An antibiotic-resistant "superbug" strain of typhoid fever has spread globally, driven by a single family of the bacteria, called H58, according to the findings of a large international study.
The research, involving some 74 scientists in almost two dozen countries, is one of the most comprehensive sets of genetic data on a human infectious agent and paints a worrying scene of an "ever-increasing public health threat", they said.
Typhoid is contracted by drinking or eating contaminated matter and symptoms include nausea, fever, abdominal pain and pink spots on the chest. Untreated, the disease can lead to complications in the gut and head, which may prove fatal in up to 20 percent of patients.
Vaccines are available -- although, due to limited cost effectiveness, not widely used in poorer countries -- and regular strains of the infection can be treated with antibiotic drugs.
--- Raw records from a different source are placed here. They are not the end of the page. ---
lemma ncx2_density_pos: "0 < s \<Longrightarrow> 0 \<le> \<mu> \<Longrightarrow> 0 \<le> x \<Longrightarrow> 0 < ncx2_density s \<mu> x"
  by (simp add: ncx2_kernel_def bessel_red_pos)

lemma has_bochner_integral_ncx2_kernel:
  assumes s: "0 < s" and "0 \<le> \<mu>"
  shows "has_bochner_integral lborel (ncx2_kernel n s \<mu>) (1 / s ^ n)"
proof -
  have "exp (- (x + \<mu>) / s) = exp (- \<mu> / s) * exp (- x / s)" for x
    by (simp add: exp_add[symmetric] diff_divide_distrib)
  then have "ncx2_kernel n s \<mu> = (\<lambda>x. exp (- \<mu> / s) / s ^ (2 * n + 1) *
      (if 0 \<le> x then x ^ n * exp (- x / s) * bessel_red n (\<mu> / s\<^sup>2 * x) else 0))"
    by (auto simp: fun_eq_iff ncx2_kernel_def power_divide power_mult[symmetric] mult.commute[of 2] mult_ac)
  moreover have "has_bochner_integral lborel (\<lambda>x. exp (- \<mu> / s) / s ^ (2 * n + 1) *
      (if 0 \<le> x then x ^ n * exp (- x / s) * bessel_red n (\<mu> / s\<^sup>2 * x) else 0))
      (exp (- \<mu> / s) / s ^ (2 * n + 1) * (s ^ (n + 1) * exp (\<mu> / s\<^sup>2 * s)))"
    using assms by (intro has_bochner_integral_mult_right has_bochner_integral_laplace_bessel_red_exp) auto
  moreover have "exp (- \<mu> / s) / s ^ (2 * n + 1) * (s ^ (n + 1) * exp (\<mu> / s\<^sup>2 * s)) = 1 / s ^ n"
    using s by (simp add: power2_eq_square exp_minus power_add mult_2_right field_simps)
  ultimately show ?thesis by simp
qed

lemma has_bochner_integral_ncx2_mean:
  assumes "0 < s" and "0 \<le> \<mu>"
  shows "has_bochner_integral lborel (\<lambda>x. x * ncx2_density s \<mu> x) (s + \<mu>)"
proof -
  have "x * ncx2_density s \<mu> x = s\<^sup>2 * ncx2_kernel 1 s \<mu> x + \<mu> * s\<^sup>2 * ncx2_kernel 2 s \<mu> x" for x
    using assms unfolding ncx2_kernel_def bessel_red_0_eq[of "\<mu> / s\<^sup>2 * x"]
    by (simp add: field_simps power2_eq_square)
  moreover have "has_bochner_integral lborel (\<lambda>x. s\<^sup>2 * ncx2_kernel 1 s \<mu> x + \<mu> * s\<^sup>2 * ncx2_kernel 2 s \<mu> x)
      (s\<^sup>2 * (1 / s ^ 1) + \<mu> * s\<^sup>2 * (1 / s ^ 2))"
    using assms by (intro has_bochner_integral_add has_bochner_integral_mult_right has_bochner_integral_ncx2_kernel)
  ultimately show ?thesis using assms by (simp add: power2_eq_square)
qed

text \<open>The logarithmic derivative of \<open>bessel_red 0 (\<mu>x/s\<^sup>2)\<close> in \<open>\<mu>\<close>.\<close>
definition ncx2_ratio :: "real \<Rightarrow> real \<Rightarrow> real \<Rightarrow> real" where
  "ncx2_ratio s \<mu> x = x / s\<^sup>2 * bessel_red 1 (\<mu> / s\<^sup>2 * x) / bessel_red 0 (\<mu> / s\<^sup>2 * x)"

definition ncx2_score :: "real \<Rightarrow> real \<Rightarrow> real \<Rightarrow> real" where
  "ncx2_score s \<mu> x = ncx2_ratio s \<mu> x - 1 / s"

definition ncx2_score_deriv :: "real \<Rightarrow> real \<Rightarrow> real \<Rightarrow> real" where
  "ncx2_score_deriv s \<mu> x = (x / s\<^sup>2)\<^sup>2 *
     (bessel_red 2 (\<mu> / s\<^sup>2 * x) / bessel_red 0 (\<mu> / s\<^sup>2 * x) - (bessel_red 1 (\<mu> / s\<^sup>2 * x) / bessel_red 0 (\<mu> / s\<^sup>2 * x))\<^sup>2)"

definition ncx2_fisher :: "real \<Rightarrow> real \<Rightarrow> real" where
  "ncx2_fisher s \<mu> = (LINT x|lborel. (ncx2_score s \<mu> x)\<^sup>2 * ncx2_density s \<mu> x)"

lemma has_real_derivative_ln_ncx2_density:
  assumes s: "0 < s" and x: "0 \<le> x" and \<mu>: "\<And>t. 0 \<le> \<mu> t"
    and \<mu>': "\<And>t. (\<mu> has_real_derivative \<mu>' t) (at t)"
  shows "((\<lambda>t. ln (ncx2_density s (\<mu> t) x)) has_real_derivative \<mu>' t * ncx2_score s (\<mu> t) x) (at t)"
proof -
  have "ln (ncx2_density s (\<mu> t) x) = - ln s - (x + \<mu> t) / s + ln (bessel_red 0 (\<mu> t / s\<^sup>2 * x))" for t
    using s x \<mu>[of t] bessel_red_pos[of "\<mu> t / s\<^sup>2 * x" 0]
    by (simp add: ncx2_kernel_def ln_mult ln_div field_simps)
  moreover have "((\<lambda>t. - ln s - (x + \<mu> t) / s + ln (bessel_red 0 (\<mu> t / s\<^sup>2 * x)))
      has_real_derivative \<mu>' t * ncx2_score s (\<mu> t) x) (at t)"
    using s x \<mu>[of t] bessel_red_pos[of "\<mu> t / s\<^sup>2 * x" 0]
    by (auto intro!: derivative_eq_intros \<mu>' simp: ncx2_score_def ncx2_ratio_def field_simps power2_eq_square)
  ultimately show ?thesis by simp
qed

lemma has_real_derivative_ncx2_score:
  assumes s: "0 < s" and "0 \<le> x" and "0 \<le> \<mu> t" and \<mu>': "(\<mu> has_real_derivative \<mu>' t) (at t)"
  shows "((\<lambda>t. ncx2_score s (\<mu> t) x) has_real_derivative \<mu>' t * ncx2_score_deriv s (\<mu> t) x) (at t)"
  using assms bessel_red_pos[of "\<mu> t / s\<^sup>2 * x" 0] unfolding ncx2_score_def ncx2_ratio_def ncx2_score_deriv_def
  by (auto intro!: derivative_eq_intros \<mu>' simp: field_simps power2_eq_square numeral_2_eq_2)

lemma ncx2_ratio_times_density:
  assumes "0 < s" and "0 \<le> \<mu>"
  shows "ncx2_ratio s \<mu> x * ncx2_density s \<mu> x = ncx2_kernel 1 s \<mu> x"
  using assms bessel_red_pos[of "\<mu> / s\<^sup>2 * x" 0]
  by (auto simp: ncx2_ratio_def ncx2_kernel_def mult_ac)

lemma ncx2_score_deriv_times_density:
  assumes "0 < s" and "0 \<le> \<mu>"
  shows "ncx2_score_deriv s \<mu> x * ncx2_density s \<mu> x
    = ncx2_kernel 2 s \<mu> x - (ncx2_ratio s \<mu> x)\<^sup>2 * ncx2_density s \<mu> x"
  using assms bessel_red_pos[of "\<mu> / s\<^sup>2 * x" 0]
  by (auto simp: ncx2_score_deriv_def ncx2_ratio_def ncx2_kernel_def field_simps power2_eq_square)

lemma integrable_ncx2_ratio_sq:
  assumes s: "0 < s" and \<mu>: "0 \<le> \<mu>"
  shows "integrable lborel (\<lambda>x. (ncx2_ratio s \<mu> x)\<^sup>2 * ncx2_density s \<mu> x)"
proof (rule Bochner_Integration.integrable_bound)
  let ?b = "\<lambda>x. exp (- \<mu> / s) / s ^ 5 * (if 0 \<le> x then x ^ 2 * exp (- x / s) * bessel_red 1 (\<mu> / s\<^sup>2 * x) else 0)"
  show "integrable lborel ?b"
    using assms by (intro integrable_mult_right integrable_laplace_bessel_red) auto
  show "AE x in lborel. norm ((ncx2_ratio s \<mu> x)\<^sup>2 * ncx2_density s \<mu> x) \<le> norm (?b x)"
  proof (intro AE_I2)
    fix x
    show "norm ((ncx2_ratio s \<mu> x)\<^sup>2 * ncx2_density s \<mu> x) \<le> norm (?b x)"
    proof (cases "0 \<le> x")
      case True
      define y where "y = \<mu> / s\<^sup>2 * x"
      have y: "0 \<le> y" using s \<mu> True by (simp add: y_def)
      have J0: "0 < bessel_red 0 y" using bessel_red_pos[OF y] .
      have "(bessel_red 1 y)\<^sup>2 / bessel_red 0 y \<le> bessel_red 1 y"
        using J0 bessel_red_pos[OF y, of 1] bessel_red_Suc_le[OF y, of 0]
        by (simp add: power2_eq_square divide_simps mult_left_mono)
      then have "exp (- \<mu> / s) / s ^ 5 * (x\<^sup>2 * exp (- x / s) * ((bessel_red 1 y)\<^sup>2 / bessel_red 0 y))
          \<le> exp (- \<mu> / s) / s ^ 5 * (x\<^sup>2 * exp (- x / s) * bessel_red 1 y)"
        using s by (intro mult_left_mono) auto
      also have "\<dots> = ?b x"
        using True by (simp add: y_def)
      finally have le: "exp (- \<mu> / s) / s ^ 5 * (x\<^sup>2 * exp (- x / s) * ((bessel_red 1 y)\<^sup>2 / bessel_red 0 y))
          \<le> ?b x" .
      have "exp (- (x + \<mu>) / s) = exp (- \<mu> / s) * exp (- x / s)"
        by (simp add: exp_add[symmetric] diff_divide_distrib)
      then have eq: "(ncx2_ratio s \<mu> x)\<^sup>2 * ncx2_density s \<mu> x
          = exp (- \<mu> / s) / s ^ 5 * (x\<^sup>2 * exp (- x / s) * ((bessel_red 1 y)\<^sup>2 / bessel_red 0 y))"
        unfolding ncx2_ratio_def ncx2_kernel_def y_def[symmetric]
        using True s J0 by (simp add: power2_eq_square eval_nat_numeral field_simps)
      have nonneg: "0 \<le> (ncx2_ratio s \<mu> x)\<^sup>2 * ncx2_density s \<mu> x"
        using True s \<mu> by (simp add: less_imp_le[OF ncx2_density_pos])
      show ?thesis
        unfolding real_norm_def eq abs_of_nonneg[OF nonneg[unfolded eq]] using le abs_ge_self[of "?b x"] by linarith
    qed (simp add: ncx2_kernel_def)
  qed
qed (simp add: ncx2_ratio_def ncx2_kernel_def)

lemma has_bochner_integral_ncx2_ratio_sq:
  "0 < s \<Longrightarrow> 0 \<le> \<mu> \<Longrightarrow> has_bochner_integral lborel (\<lambda>x. (ncx2_ratio s \<mu> x)\<^sup>2 * ncx2_density s \<mu> x)
     (LINT x|lborel. (ncx2_ratio s \<mu> x)\<^sup>2 * ncx2_density s \<mu> x)"
  by (intro has_bochner_integral_integrable integrable_ncx2_ratio_sq)

lemma has_bochner_integral_ncx2_score:
  assumes "0 < s" and "0 \<le> \<mu>"
  shows "has_bochner_integral lborel (\<lambda>x. ncx2_score s \<mu> x * ncx2_density s \<mu> x) 0"
proof -
  have "has_bochner_integral lborel (\<lambda>x. ncx2_kernel 1 s \<mu> x - 1 / s * ncx2_density s \<mu> x) (1 / s ^ 1 - 1 / s * (1 / s ^ 0))"
    using assms by (intro has_bochner_integral_diff has_bochner_integral_mult_right has_bochner_integral_ncx2_kernel)
  then show ?thesis
    using assms by (simp add: ncx2_score_def left_diff_distrib ncx2_ratio_times_density)
qed

lemma ncx2_fisher_eq:
  assumes "0 < s" and "0 \<le> \<mu>"
  shows "ncx2_fisher s \<mu> = (LINT x|lborel. (ncx2_ratio s \<mu> x)\<^sup>2 * ncx2_density s \<mu> x) - 1 / s\<^sup>2"
proof -
  let ?R = "LINT x|lborel. (ncx2_ratio s \<mu> x)\<^sup>2 * ncx2_density s \<mu> x"
  have "(ncx2_score s \<mu> x)\<^sup>2 * ncx2_density s \<mu> x
      = (ncx2_ratio s \<mu> x)\<^sup>2 * ncx2_density s \<mu> x - 2 / s * ncx2_kernel 1 s \<mu> x + 1 / s\<^sup>2 * ncx2_density s \<mu> x" for x
    unfolding ncx2_ratio_times_density[OF assms, symmetric] ncx2_score_def
    using assms by (simp add: power2_diff power2_eq_square field_simps)
  moreover have "has_bochner_integral lborel (\<lambda>x. (ncx2_ratio s \<mu> x)\<^sup>2 * ncx2_density s \<mu> x
      - 2 / s * ncx2_kernel 1 s \<mu> x + 1 / s\<^sup>2 * ncx2_density s \<mu> x) (?R - 2 / s * (1 / s ^ 1) + 1 / s\<^sup>2 * (1 / s ^ 0))"
    using assms by (intro has_bochner_integral_add has_bochner_integral_diff has_bochner_integral_mult_right
        has_bochner_integral_ncx2_kernel has_bochner_integral_ncx2_ratio_sq)
  ultimately show ?thesis
    unfolding ncx2_fisher_def by (simp add: has_bochner_integral_integral_eq power2_eq_square)
qed
theorem proposition8:
  fixes g h :: "real \<Rightarrow> real"
  assumes "pw_cont_strict_mono g" and "regular g"
    and "pw_cont_strict_mono h" and "regular h"
    and "m1 \<in> {1..tp_num g}" and "m2 \<in> {1..tp_num h}"
    and "S \<in> {S_max g h, S_min g h}"
    and "S \<inter> ({tp_part g (m1 - 1)<..<tp_part g m1} \<times> {tp_part h (m2 - 1)<..<tp_part h m2}) \<noteq> {}"
  shows "\<exists>(I :: real set) (\<phi> :: real \<Rightarrow> real).
           is_interval I \<and> I \<subseteq> {tp_part g (m1 - 1)<..<tp_part g m1} \<and>
           continuous_on I \<phi> \<and> (strict_mono_on I \<phi> \<or> strict_antimono_on I \<phi>) \<and>
           S \<inter> ({tp_part g (m1 - 1)<..<tp_part g m1} \<times> {tp_part h (m2 - 1)<..<tp_part h m2})
             = (\<lambda>u. (u, \<phi> u)) ` I"
proof -
  define J1 where "J1 = {tp_part g (m1 - 1)<..<tp_part g m1}"
  define J2 where "J2 = {tp_part h (m2 - 1)<..<tp_part h m2}"
  note Tg = Tfun_continuous_inj_on_tp_interval[OF assms(1,2,5), folded J1_def]
  note Th = Tfun_continuous_inj_on_tp_interval[OF assms(3,4,6), folded J2_def]
  obtain k where k: "continuous_on J2 k" "inj_on k J2"
    and S: "S \<inter> (J1 \<times> J2) = {(u, v). u \<in> J1 \<and> v \<in> J2 \<and> Tfun g u = k v}"
  proof (cases "S = S_max g h")
    case True
    then have "S \<inter> (J1 \<times> J2) = {(u, v). u \<in> J1 \<and> v \<in> J2 \<and> Tfun g u = Tfun h v}"
      using Tg(1) Th(1) unfolding S_max_def by auto
    then show ?thesis
      using that Th(2,3) by blast
  next
    case False
    then have "S \<inter> (J1 \<times> J2) = {(u, v). u \<in> J1 \<and> v \<in> J2 \<and> Tfun g u = 1 - Tfun h v}"
      using assms(7) Tg(1) Th(1) unfolding S_min_def by auto
    moreover have "continuous_on J2 (\<lambda>v. 1 - Tfun h v)" "inj_on (\<lambda>v. 1 - Tfun h v) J2"
      using Th(2,3) by (auto intro: continuous_intros simp: inj_on_def)
    ultimately show ?thesis
      using that by blast
  qed
  have "is_interval J1" "is_interval J2" "open J2"
    by (simp_all add: J1_def J2_def is_interval_1)
  from level_set_is_monotone_graph[OF this(1) Tg(2,3) this(3,2) k, folded S] show ?thesis
    unfolding J1_def J2_def .
qed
However, this study found that the H58 "superbug" version, which is resistant to multiple types of antibiotics, is now becoming dominant.
"H58 is displacing other typhoid strains, completely transforming the genetic architecture of the disease and creating a previously under appreciated and on-going epidemic," the researchers said in a statement about their findings.
Vanessa Wong of Britain's Wellcome Trust Sanger Institute, who was part of the international team, said that since typhoid affects around 30 million people a year, robust and detailed good global surveillance is critical to trying to contain it.
The research team, whose work was published in the journal Nature Genetics on Monday, sequenced the genomes of 1,832 samples of Salmonella Typhi bacteria that were collected from 63 countries between 1992 and 2013.
They found 47 percent were from the H58 strain.
The team found that H58 emerged in South Asia 25 to 30 years ago and spread to Southeast Asia, Western Asia, East and South Africa and Fiji. They also found evidence of a recent and unreported wave of H58 transmission in many countries in Africa, which may represent an ongoing epidemic.
Kathryn Holt, a scientist at the University of Melbourne in Australia who worked on the study, said multidrug resistant typhoid is caused by the bacteria picking up new resistance genes as disease strains mix and pass from person to person.
Resistance "has been coming and going since the 1970s", she said, but in the H58 strain, the resistance genes are becoming a stable part of the genome "which means multiple antibiotic resistant typhoid is here to stay".